Das Zentrum dieser Bewegung ist unser Drehzentrum im Unterbauch. Aber es gibt viele
Möglichkeiten, Shiho-nage zu variieren, von der Ausführung auf den Knien bis zum
kreisförmigen Fall Ukes fast zu unserer linken Seite. Sofern keine Gefahr eines Knochenbruchs
oder einer Verrenkung besteht und die ganze Bewegung sanft ausgeführt wird, sind alle diese
Varianten dem Aikido gemäß und akzeptabel.
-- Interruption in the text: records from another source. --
lemma procX_shifted_increment_cov_ge:
  fixes M :: "'a measure" and W :: "real \<Rightarrow> 'a \<Rightarrow> real" and \<kappa> :: "real \<Rightarrow> real"
    and C \<tau> \<alpha> \<rho> :: real and b n j :: nat
  assumes BM: "std_brownian_motion M W" and \<kappa>: "\<kappa> 0 = 0" "\<kappa> 1 = 1"
    and n: "2 \<le> n" and b: "2 \<le> b" and \<alpha>: "0 < \<alpha>"
    and \<rho>: "\<alpha> \<le> \<rho>" "1 / real b powr \<tau> \<le> \<rho>" "1 / real b \<le> \<rho>"
    and C: "0 \<le> C"
    and hol: "\<And>x y. x \<in> {0..1} \<Longrightarrow> y \<in> {0..1} \<Longrightarrow> \<bar>\<kappa> x - \<kappa> y\<bar> \<le> C * \<bar>x - y\<bar> powr \<tau>"
    and j: "b ^ (n - 1) \<le> j"
  shows "(\<alpha>\<^sup>2 * real b - (2 * C + C\<^sup>2) * (real n ^ 2 * (\<rho>\<^sup>2 * real b) ^ n)) / real b ^ n
    \<le> (\<integral>\<omega>. (procX \<alpha> b \<kappa> W ((real j + 1) / real b ^ n) \<omega> - procX \<alpha> b \<kappa> W (real j / real b ^ n) \<omega>)
          * (procX \<alpha> b \<kappa> W ((real j + 1) / real b ^ n - 1 / real b) \<omega>
             - procX \<alpha> b \<kappa> W (real j / real b ^ n - 1 / real b) \<omega>) \<partial>M)"
proof -
  define j' where "j' = j - b ^ (n - 1)"
  have "0 < real b" using b by simp
  moreover have "real b ^ n = real b * real b ^ (n - 1)"
    using n by (simp flip: power_Suc)
  ultimately have shift: "real j / real b ^ n - 1 / real b = real j' / real b ^ n"
      "(real j + 1) / real b ^ n - 1 / real b = (real j' + 1) / real b ^ n"
    using j by (simp_all add: j'_def of_nat_diff field_simps)
  have "residue_frac (b ^ (n - 1)) j = residue_frac (b ^ (n - 1)) j'"
    using j by (simp add: residue_frac_def j'_def le_mod_geq)
  moreover have "1 \<le> b" using b by simp
  ultimately show ?thesis
    unfolding shift procX_grid_increment_cov[OF BM \<open>1 \<le> b\<close> \<kappa>]
    by (intro bridge_cov_double_sum_ge[OF n b \<alpha> \<rho> C hol] residue_frac_interval) auto
qed

theorem lemma3p11:
  fixes M :: "'a measure" and W :: "real \<Rightarrow> 'a \<Rightarrow> real"
    and \<kappa> :: "real \<Rightarrow> real" and \<tau> \<alpha> :: real and b :: nat
  assumes BM: "std_brownian_motion M W"
    and kappa_range: "\<kappa> ` {0..1} \<subseteq> {0..1}"
    and kappa0: "\<kappa> 0 = 0" and kappa1: "\<kappa> 1 = 1"
    and tau: "\<tau> > 1/2" and hol: "holder_on01 \<tau> \<kappa>"
    and alpha: "0 < \<alpha>" "\<alpha> < 1"
    and b: "b \<ge> 2"
    and ab: "\<alpha>\<^sup>2 * real b < 1"
  shows "\<exists>lam>0. \<exists>Mn::nat. \<forall>n\<ge>Mn. \<forall>j::nat. b ^ (n - 1) \<le> j \<and> j < b ^ n \<longrightarrow>
     (\<integral>\<omega>. (procX \<alpha> b \<kappa> W ((real j + 1) / real b ^ n) \<omega> - procX \<alpha> b \<kappa> W (real j / real b ^ n) \<omega>)
          * (procX \<alpha> b \<kappa> W ((real j + 1) / real b ^ n - 1 / real b) \<omega>
             - procX \<alpha> b \<kappa> W (real j / real b ^ n - 1 / real b) \<omega>) \<partial>M)
     \<ge> lam / real b ^ n"
proof -
  obtain C where C: "0 \<le> C"
    and hol_C: "\<And>x y. x \<in> {0..1} \<Longrightarrow> y \<in> {0..1} \<Longrightarrow> \<bar>\<kappa> x - \<kappa> y\<bar> \<le> C * \<bar>x - y\<bar> powr \<tau>"
    using holder_on01_nonneg_const[OF hol] by blast
  obtain \<rho> where \<rho>: "\<alpha> \<le> \<rho>" "1 / real b powr \<tau> \<le> \<rho>" "1 / real b \<le> \<rho>"
    and \<rho>_small: "\<rho>\<^sup>2 * real b < 1"
    using exists_rate_bound[OF tau alpha(1) b ab] by blast
  define lam where "lam = \<alpha>\<^sup>2 * real b / 2"
  have "0 < lam" using alpha b by (simp add: lam_def)
  have "(\<lambda>n. (2 * C + C\<^sup>2) * (real n ^ 2 * (\<rho>\<^sup>2 * real b) ^ n)) \<longlonglongrightarrow> (2 * C + C\<^sup>2) * 0"
    using \<rho>_small by (intro tendsto_mult tendsto_const tendsto_square_mult_power_zero) auto
  then have "\<forall>\<^sub>F n in sequentially. (2 * C + C\<^sup>2) * (real n ^ 2 * (\<rho>\<^sup>2 * real b) ^ n) < lam"
    using \<open>0 < lam\<close> by (simp add: order_tendstoD(2))
  then obtain N0 where N0: "\<And>n. N0 \<le> n \<Longrightarrow> (2 * C + C\<^sup>2) * (real n ^ 2 * (\<rho>\<^sup>2 * real b) ^ n) < lam"
    unfolding eventually_sequentially by blast
  have lam_le: "lam / real b ^ n
      \<le> (\<alpha>\<^sup>2 * real b - (2 * C + C\<^sup>2) * (real n ^ 2 * (\<rho>\<^sup>2 * real b) ^ n)) / real b ^ n"
    if "N0 \<le> n" for n
  proof -
    have "lam \<le> \<alpha>\<^sup>2 * real b - (2 * C + C\<^sup>2) * (real n ^ 2 * (\<rho>\<^sup>2 * real b) ^ n)"
      using N0[OF that] unfolding lam_def by linarith
    then show ?thesis by (simp add: divide_right_mono)
  qed
  show ?thesis
    by (intro exI[of _ lam] conjI \<open>0 < lam\<close> exI[of _ "max N0 2"] allI impI
        order_trans[OF lam_le procX_shifted_increment_cov_ge[OF BM kappa0 kappa1 _ b alpha(1) \<rho> C hol_C]])
      auto
qed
Die Bewegung, mit der wir Uke zu Boden führen, kann in irimi oder tenkan erfolgen. In der
irimi-Form setzen wir den linken Fuß vor Uke, nachdem wir sein Handgelenk gefasst haben.
Sobald unser Gewicht auf diesem Fuß ruht, beugen wir die Knie und drehen die Hüfte auf
beiden Füßen, bis wir Uke wieder gegenüberstehen und seine Arme sich in der Shiho-nage-
Position befinden.

In der tenkan-Form drehen wir dagegen auf dem vorderen linken Fuß auf der Stelle, wobei wir
die Knie beugen und zusammen mit der Drehbewegung der Hüfte den rechten Fuß kreisförmig
nach hinten setzen. Nach dieser Drehung stehen wir Uke wieder gegenüber und führen die
Technik zu Ende.

Shiho-nage gegen Angriff Yokomen-uchi

Uke schlägt kreisförmig zur linken Seite unseres Kopfs. Wir machen einen Schritt mit dem
rechten Bein innerhalb der Bewegungslinie und strecken dabei den linken Arm oben und den
rechten weiter unten. Der obere nimmt Kontakt mit Ukes Arm auf und leitet ihn in den Griff des
unteren. Anschließend führen wir den Arm vor unserem Körper nach unten und machen Shiho-
nage in irimi oder tenkan.

Bei der irimi-Variante bewegen wir uns auf der kreisförmigen Angriffslinie, machen dabei einen
Schritt mit dem linken Fuß durch Ukes Bewegungslinie hindurch und führen seinen Arm erst
nach rechts außen, dann nach oben und anschließend über unsere sich drehende Schulter. Wir
drehen auf der Stelle nach außen, bis wir Uke wieder anschauen, führen seinen Arm nah an seiner
Schulter vorbei und Uke zu Boden.

Bei der tenkan-Variante machen wir mit dem linken Fuß einen Schritt an Ukes linke Seite, drehen
und setzen den rechten Fuß kreisförmig außen in die Nähe von Ukes Fuß. Wir führen den Arm
wie oben und werfen Uke zu Boden. Von diesen beiden Varianten ist die irimi-Form die
empfehlenswertere, weil sie sich dynamisch der Kreisform des Angriffs anpasst und Uke ohne
Unterbrechung um uns herumgewirbelt wird und spiralförmig zu Boden fällt.